Supplied information:
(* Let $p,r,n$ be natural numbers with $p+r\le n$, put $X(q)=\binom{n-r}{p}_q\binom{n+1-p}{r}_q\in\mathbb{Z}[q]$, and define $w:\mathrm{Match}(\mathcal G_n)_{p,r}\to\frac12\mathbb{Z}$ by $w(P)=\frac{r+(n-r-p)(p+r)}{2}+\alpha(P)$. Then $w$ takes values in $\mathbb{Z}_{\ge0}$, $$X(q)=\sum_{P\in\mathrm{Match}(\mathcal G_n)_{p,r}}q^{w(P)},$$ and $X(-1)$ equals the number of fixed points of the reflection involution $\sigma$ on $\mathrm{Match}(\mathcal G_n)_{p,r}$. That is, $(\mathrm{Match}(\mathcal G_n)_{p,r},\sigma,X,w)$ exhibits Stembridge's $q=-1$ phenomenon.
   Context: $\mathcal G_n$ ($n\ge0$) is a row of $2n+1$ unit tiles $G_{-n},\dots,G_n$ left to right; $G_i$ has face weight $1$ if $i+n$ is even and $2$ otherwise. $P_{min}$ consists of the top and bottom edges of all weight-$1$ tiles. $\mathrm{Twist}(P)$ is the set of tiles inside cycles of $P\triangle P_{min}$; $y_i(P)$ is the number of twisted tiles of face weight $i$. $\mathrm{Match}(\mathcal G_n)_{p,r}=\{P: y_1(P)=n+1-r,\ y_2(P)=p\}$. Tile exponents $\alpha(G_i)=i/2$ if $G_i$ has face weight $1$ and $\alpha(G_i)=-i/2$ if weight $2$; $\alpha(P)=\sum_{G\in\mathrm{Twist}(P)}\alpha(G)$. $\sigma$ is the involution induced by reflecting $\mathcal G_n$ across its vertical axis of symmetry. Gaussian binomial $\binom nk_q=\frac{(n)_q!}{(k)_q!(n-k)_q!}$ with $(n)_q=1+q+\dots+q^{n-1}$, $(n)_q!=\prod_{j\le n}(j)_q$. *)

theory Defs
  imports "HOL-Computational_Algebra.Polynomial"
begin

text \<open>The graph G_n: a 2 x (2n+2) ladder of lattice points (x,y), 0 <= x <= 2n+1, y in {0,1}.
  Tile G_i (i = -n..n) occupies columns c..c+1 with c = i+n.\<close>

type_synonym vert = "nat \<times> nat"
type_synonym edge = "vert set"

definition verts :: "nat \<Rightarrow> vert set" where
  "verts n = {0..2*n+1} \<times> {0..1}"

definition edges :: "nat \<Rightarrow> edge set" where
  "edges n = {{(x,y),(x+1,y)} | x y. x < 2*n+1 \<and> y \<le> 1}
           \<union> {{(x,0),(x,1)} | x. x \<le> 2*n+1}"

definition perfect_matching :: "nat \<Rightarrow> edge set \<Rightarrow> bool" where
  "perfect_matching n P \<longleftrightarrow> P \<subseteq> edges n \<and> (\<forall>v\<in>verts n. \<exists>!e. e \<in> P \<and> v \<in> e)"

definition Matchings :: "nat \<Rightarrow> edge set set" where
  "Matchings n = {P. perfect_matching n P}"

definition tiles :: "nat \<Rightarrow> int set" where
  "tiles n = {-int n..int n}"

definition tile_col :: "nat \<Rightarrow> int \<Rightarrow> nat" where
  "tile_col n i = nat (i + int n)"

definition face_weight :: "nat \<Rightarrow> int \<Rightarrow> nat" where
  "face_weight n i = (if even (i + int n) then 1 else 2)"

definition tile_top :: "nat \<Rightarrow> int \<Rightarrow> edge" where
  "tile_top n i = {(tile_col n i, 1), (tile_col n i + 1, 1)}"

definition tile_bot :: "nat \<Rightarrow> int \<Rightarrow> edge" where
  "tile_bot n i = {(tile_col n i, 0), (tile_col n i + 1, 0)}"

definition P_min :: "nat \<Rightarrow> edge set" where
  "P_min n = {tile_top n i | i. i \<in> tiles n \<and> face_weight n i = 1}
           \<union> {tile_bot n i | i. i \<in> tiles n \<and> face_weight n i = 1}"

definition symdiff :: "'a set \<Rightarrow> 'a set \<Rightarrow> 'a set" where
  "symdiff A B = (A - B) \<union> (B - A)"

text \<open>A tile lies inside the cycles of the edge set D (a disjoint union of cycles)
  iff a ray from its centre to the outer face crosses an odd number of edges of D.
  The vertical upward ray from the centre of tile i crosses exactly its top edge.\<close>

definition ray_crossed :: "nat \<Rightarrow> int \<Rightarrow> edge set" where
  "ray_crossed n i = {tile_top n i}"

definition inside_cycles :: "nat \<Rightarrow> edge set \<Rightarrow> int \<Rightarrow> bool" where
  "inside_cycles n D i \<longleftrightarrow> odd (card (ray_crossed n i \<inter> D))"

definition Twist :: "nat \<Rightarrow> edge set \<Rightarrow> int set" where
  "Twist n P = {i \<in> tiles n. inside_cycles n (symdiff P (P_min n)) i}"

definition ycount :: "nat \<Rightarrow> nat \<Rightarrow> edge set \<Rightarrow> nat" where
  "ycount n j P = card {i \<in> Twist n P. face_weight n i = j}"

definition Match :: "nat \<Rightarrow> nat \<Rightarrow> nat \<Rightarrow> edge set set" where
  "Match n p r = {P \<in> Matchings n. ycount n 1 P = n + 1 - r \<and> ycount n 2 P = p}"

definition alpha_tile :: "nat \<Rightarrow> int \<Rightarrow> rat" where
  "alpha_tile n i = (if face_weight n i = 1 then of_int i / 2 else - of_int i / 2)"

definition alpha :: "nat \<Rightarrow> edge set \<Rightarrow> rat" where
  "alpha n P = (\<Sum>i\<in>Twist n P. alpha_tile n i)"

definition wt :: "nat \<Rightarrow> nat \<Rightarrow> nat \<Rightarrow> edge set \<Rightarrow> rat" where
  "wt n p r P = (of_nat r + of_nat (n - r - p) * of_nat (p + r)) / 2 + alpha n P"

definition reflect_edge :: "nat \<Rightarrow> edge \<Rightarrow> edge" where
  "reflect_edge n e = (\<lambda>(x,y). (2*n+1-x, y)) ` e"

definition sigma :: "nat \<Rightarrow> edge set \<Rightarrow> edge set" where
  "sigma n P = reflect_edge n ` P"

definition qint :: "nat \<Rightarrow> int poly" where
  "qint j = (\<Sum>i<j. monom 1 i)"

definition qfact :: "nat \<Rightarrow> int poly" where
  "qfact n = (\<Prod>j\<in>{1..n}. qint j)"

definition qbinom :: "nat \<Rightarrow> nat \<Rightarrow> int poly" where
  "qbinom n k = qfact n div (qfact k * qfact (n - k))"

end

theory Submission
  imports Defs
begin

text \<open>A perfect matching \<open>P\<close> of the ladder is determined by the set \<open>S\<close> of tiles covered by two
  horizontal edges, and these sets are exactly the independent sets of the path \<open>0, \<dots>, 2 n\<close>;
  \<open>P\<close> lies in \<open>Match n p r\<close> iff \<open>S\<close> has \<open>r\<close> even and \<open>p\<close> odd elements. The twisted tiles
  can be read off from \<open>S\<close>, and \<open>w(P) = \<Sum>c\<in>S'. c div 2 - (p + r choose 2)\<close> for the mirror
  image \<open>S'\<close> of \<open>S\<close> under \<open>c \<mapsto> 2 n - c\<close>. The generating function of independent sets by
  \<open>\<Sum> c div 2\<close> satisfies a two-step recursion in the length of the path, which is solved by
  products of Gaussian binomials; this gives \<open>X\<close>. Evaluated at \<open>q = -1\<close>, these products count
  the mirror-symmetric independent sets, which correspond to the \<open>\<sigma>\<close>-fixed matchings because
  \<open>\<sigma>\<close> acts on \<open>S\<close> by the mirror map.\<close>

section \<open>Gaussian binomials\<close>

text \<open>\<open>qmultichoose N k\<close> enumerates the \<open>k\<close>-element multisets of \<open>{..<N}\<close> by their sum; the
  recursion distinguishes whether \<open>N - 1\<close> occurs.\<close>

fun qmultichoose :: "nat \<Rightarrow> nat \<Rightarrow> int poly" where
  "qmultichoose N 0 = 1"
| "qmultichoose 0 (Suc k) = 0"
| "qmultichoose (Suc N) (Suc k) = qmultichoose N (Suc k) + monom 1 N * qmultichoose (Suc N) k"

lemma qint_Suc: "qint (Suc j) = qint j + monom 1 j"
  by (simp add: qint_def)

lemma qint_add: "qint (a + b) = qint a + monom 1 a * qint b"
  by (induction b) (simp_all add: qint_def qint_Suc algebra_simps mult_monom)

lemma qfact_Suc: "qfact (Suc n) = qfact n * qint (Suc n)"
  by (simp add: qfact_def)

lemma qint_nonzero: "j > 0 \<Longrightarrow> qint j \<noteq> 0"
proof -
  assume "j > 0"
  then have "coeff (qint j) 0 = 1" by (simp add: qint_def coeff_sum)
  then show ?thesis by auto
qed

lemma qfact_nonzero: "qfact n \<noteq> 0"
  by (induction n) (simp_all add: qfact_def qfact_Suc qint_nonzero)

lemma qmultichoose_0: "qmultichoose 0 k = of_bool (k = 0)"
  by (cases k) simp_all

...

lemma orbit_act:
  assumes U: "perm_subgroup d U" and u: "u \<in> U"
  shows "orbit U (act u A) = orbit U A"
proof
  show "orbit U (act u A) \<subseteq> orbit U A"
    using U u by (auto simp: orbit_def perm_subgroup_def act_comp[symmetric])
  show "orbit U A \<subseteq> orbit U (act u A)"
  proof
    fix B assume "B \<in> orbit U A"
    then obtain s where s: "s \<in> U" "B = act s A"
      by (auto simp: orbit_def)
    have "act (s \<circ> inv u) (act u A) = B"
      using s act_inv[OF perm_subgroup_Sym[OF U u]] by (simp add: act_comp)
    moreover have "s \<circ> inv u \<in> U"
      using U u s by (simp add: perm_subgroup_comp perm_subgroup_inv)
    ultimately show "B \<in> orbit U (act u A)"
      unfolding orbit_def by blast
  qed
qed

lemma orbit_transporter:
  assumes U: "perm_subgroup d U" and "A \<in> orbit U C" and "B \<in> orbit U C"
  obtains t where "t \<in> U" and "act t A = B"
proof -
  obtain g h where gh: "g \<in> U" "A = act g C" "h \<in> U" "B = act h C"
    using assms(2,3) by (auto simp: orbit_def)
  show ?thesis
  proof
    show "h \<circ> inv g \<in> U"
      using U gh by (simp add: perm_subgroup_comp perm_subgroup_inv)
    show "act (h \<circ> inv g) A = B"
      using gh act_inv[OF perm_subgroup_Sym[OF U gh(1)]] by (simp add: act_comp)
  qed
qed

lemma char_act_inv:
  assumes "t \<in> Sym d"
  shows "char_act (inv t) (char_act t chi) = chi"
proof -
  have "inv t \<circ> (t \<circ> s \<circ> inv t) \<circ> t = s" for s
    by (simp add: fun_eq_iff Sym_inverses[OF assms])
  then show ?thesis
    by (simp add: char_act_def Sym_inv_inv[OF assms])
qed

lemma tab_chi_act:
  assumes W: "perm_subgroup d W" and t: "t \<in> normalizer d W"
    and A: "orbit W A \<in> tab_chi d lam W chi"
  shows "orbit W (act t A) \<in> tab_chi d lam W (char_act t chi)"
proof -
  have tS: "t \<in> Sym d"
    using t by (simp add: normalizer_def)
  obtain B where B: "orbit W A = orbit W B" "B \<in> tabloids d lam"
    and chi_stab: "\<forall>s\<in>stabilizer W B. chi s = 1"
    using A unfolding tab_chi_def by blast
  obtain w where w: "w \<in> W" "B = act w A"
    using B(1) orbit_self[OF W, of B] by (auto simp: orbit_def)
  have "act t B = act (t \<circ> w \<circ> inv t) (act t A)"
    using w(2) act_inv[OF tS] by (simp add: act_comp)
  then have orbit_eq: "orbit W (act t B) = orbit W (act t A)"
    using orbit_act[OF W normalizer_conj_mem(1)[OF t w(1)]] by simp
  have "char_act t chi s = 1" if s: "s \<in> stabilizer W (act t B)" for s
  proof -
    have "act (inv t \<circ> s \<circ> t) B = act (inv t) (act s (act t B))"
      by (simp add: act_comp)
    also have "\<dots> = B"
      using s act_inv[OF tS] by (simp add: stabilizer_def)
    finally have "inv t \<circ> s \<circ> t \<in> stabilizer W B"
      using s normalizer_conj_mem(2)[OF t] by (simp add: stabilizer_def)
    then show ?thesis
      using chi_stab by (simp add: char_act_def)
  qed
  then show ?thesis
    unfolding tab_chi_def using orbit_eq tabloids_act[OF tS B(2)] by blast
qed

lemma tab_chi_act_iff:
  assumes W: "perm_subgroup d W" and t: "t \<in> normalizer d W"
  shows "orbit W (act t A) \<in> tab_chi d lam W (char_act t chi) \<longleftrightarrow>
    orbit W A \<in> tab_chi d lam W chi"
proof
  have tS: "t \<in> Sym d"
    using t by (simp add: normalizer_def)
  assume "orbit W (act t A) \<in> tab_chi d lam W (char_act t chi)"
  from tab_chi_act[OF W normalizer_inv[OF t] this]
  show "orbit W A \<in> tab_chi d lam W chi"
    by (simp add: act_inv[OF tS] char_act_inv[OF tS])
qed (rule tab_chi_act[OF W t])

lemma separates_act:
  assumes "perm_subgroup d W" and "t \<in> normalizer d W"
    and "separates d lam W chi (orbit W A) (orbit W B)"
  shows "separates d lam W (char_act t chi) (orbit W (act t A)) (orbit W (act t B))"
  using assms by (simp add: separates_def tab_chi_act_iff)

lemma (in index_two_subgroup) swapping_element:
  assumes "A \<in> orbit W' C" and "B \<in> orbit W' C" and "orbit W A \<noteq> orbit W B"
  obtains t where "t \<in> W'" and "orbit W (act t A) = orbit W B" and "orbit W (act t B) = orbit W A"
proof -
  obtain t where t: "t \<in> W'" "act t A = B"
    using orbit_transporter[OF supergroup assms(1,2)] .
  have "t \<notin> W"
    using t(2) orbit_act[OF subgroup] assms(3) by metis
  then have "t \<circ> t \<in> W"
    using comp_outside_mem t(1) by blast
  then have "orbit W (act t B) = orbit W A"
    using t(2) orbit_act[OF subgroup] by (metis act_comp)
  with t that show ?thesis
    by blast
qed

Your task: Which lines of the records contain "subseteq"? Show each of them.

Answer area:
  "perfect_matching n P \<longleftrightarrow> P \<subseteq> edges n \<and> (\<forall>v\<in>verts n. \<exists>!e. e \<in> P \<and> v \<in> e)"
  show "orbit U (act u A) \<subseteq> orbit U A"
  show "orbit U A \<subseteq> orbit U (act u A)"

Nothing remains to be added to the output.